So with the UK now firmly established as a data centre hotbed, how will these buildouts handle these power-constrained environments in the year to come? Let’s take a look at some specialised infrastructure we can see adopted in 2026 and beyond.

1.6T transceivers

Transceivers are ultimately the unsung heroes of data centres. While General and Central Processing Units (GPU/CPU) tend to dominate industry news, they wouldn’t be facilitated without the optical transceivers that actually move the data between them.

By converting electrical signals to optical signals, transceivers enable high speed communication over fibre at 100G, 400G, 800G - and now, 1600G. Referred to as ‘1.6T’, these transceivers already had made a huge impact on AI data centres in 2025 by empowering ultra-high-speed data transmission at 1.6 Terrabits per second.

The transceivers transform infrastructure by doubling the capacity of current 800G modules for faster exchange between Central Processing Units (CPUs) and storage in AI training clusters. In turn, this leads to longer inter-switch links up to 2km, extending bandwidth density and evolving existing architectures.

The implementation of these 1.6T transceivers is expected to reach over 10+ million this year, with companies like AddOn Networks, the world’s largest independent manufacturer of optical transceivers and high-speed cabling, expanding their transceiver offering with the addition of 1.6T last month to bolster low insertion loss and strong signal integrity.

Quantum preparations

Even with specialised GPUs and chips, some data centre workloads like power consumption and physical space are extremely resource intensive. With traditional scaling approaches reaching limits, quantum computing is seen as the solution to bridge this gap.

Quantum computing uses the principles of quantum mechanics to solve complex problems far beyond the capabilities of traditional, binary based computers. While fault-tolerant quantum computers are generally expected to be widespread in 5 to 15 years, quantum data centres from the likes of IBM have already appeared in Germany. 

But with quantum computers eventually possessing the capabilities to break traditional encryption methods like Rivest Shamir Adleman (RSA), defence is essential, and comes in the form of post-quantum cryptography (PQC).

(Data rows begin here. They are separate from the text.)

(* Let $d\geq 1$ be odd, and let $Q$ be a real hyperbolic polynomial of degree $d$ with positive leading coefficient and nonzero constant term. - If $Q$ defines the moduli order admitting equalities $r_{PP}^0$, then all coefficients of $Q$ are nonzero and $Q$ defines the sign pattern $\Sigma_-$. - If $Q$ defines $r_{NN}^0$, then all coefficients of $Q$ are nonzero and $Q$ defines the sign pattern $\Sigma_+$.
   Context: A hyperbolic polynomial (HP) is a real univariate polynomial all of whose roots are real. A moduli order admitting equalities (MOAE) of length $d$ is a string of $d$ letters $P$/$N$ separated by $\leq$. A HP $Q$ of degree $d$ with nonzero constant term defines such a string if its $d$ roots, counted with multiplicity, can be listed as $z_1,\dots,z_d$ with $|z_1|\leq|z_2|\leq\dots\leq|z_d|$, where $z_i>0$ when the $i$-th letter is $P$ and $z_i<0$ when it is $N$. $r_{PP}^0$ is the alternating string $P\leq N\leq P\leq N\leq\dots\leq P$ (odd length, beginning and ending with $P$). $r_{NN}^0$ is $N\leq P\leq N\leq\dots\leq N$ (odd length, beginning and ending with $N$). The sign pattern of a polynomial $a_dx^d+\dots+a_0$ with all $a_j\neq 0$ is $(\mathrm{sgn}(a_d),\dots,\mathrm{sgn}(a_0))$. $\Sigma_+=(+,+,-,-,+,+,-,-,\dots)$ has entry $+$ in position $k$ ($k=0,\dots,d$, i.e. the sign of the coefficient of $x^{d-k}$) iff $k\equiv0,1\pmod 4$. $\Sigma_-=(+,-,-,+,+,-,-,+,\dots)$ has entry $+$ in position $k$ iff $k\equiv 0,3\pmod 4$. *)

theory Defs
  imports "HOL-Computational_Algebra.Polynomial"
begin

definition hyperbolic :: "real poly \<Rightarrow> bool" where
  "hyperbolic Q \<longleftrightarrow> Q \<noteq> 0 \<and>
     (\<forall>z::complex. poly (map_poly of_real Q) z = 0 \<longrightarrow> z \<in> \<real>)"

datatype letter = P | N

text \<open>A MOAE of length d is represented by its list of d letters (the separators are
all \<le>, hence carry no information).\<close>

definition defines_moae :: "real poly \<Rightarrow> letter list \<Rightarrow> bool" where
  "defines_moae Q w \<longleftrightarrow>
     (\<exists>zs :: real list. length zs = length w \<and>
        (\<forall>x. count (mset zs) x = order x Q) \<and>
        sorted (map abs zs) \<and>
        (\<forall>i < length w. (w ! i = P \<longrightarrow> zs ! i > 0) \<and> (w ! i = N \<longrightarrow> zs ! i < 0)))"

definition r_PP0 :: "nat \<Rightarrow> letter list" where
  "r_PP0 d = map (\<lambda>i. if even i then P else N) [0..<d]"

definition r_NN0 :: "nat \<Rightarrow> letter list" where
  "r_NN0 d = map (\<lambda>i. if even i then N else P) [0..<d]"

PQC algorithms are designed to run on classical computers while resisting from quantum attacks. But with 84% of IT and telecoms operators currently not having any formal PQC plan in place according to the Trusted Computing Group’s State of PQC Readiness report, it will be intriguing to see how data centre operators pair the integration of quantum and PQC in years to come.

Precision, precision, precision

Precision proved everything for large-scale AI deployments in 2025 given the immense scale and tight latency requirements distributed across clusters. This demand for exact data movement pushed optical circuit switching (OCS) to the forefront of buildout requests.

OCS is an all-optical networking technology that directs light signals between fibres without electrical conversion, offering sub-microsecond latency and high Tbps-level bandwidth essential for hyperscale environments.

This means that data centres are no longer constrained by power and bandwidth bottlenecks of traditional electrical switches, with solutions like POLATIS® from HUBER+SUHNER offering the means to reconfigure GPU clusters to enable more efficient AI model training and traffic demands.

Through 2026, expect to see OCS develop beyond simple point-to-point links to become more tightly integrated with AI. This deeper integration will support scaling of up to trillion-parameter model training, making large-scale AI systems more efficient and economically viable to deploy.

Looking ahead

With data centre power capacity accelerating to roughly 250% by 2030, there’s no doubt we can expect to see 1.6T transceivers, quantum architectures, and advanced optical circuit switching hold the fort along with a whole host of other solutions to support this rapid data centre growth.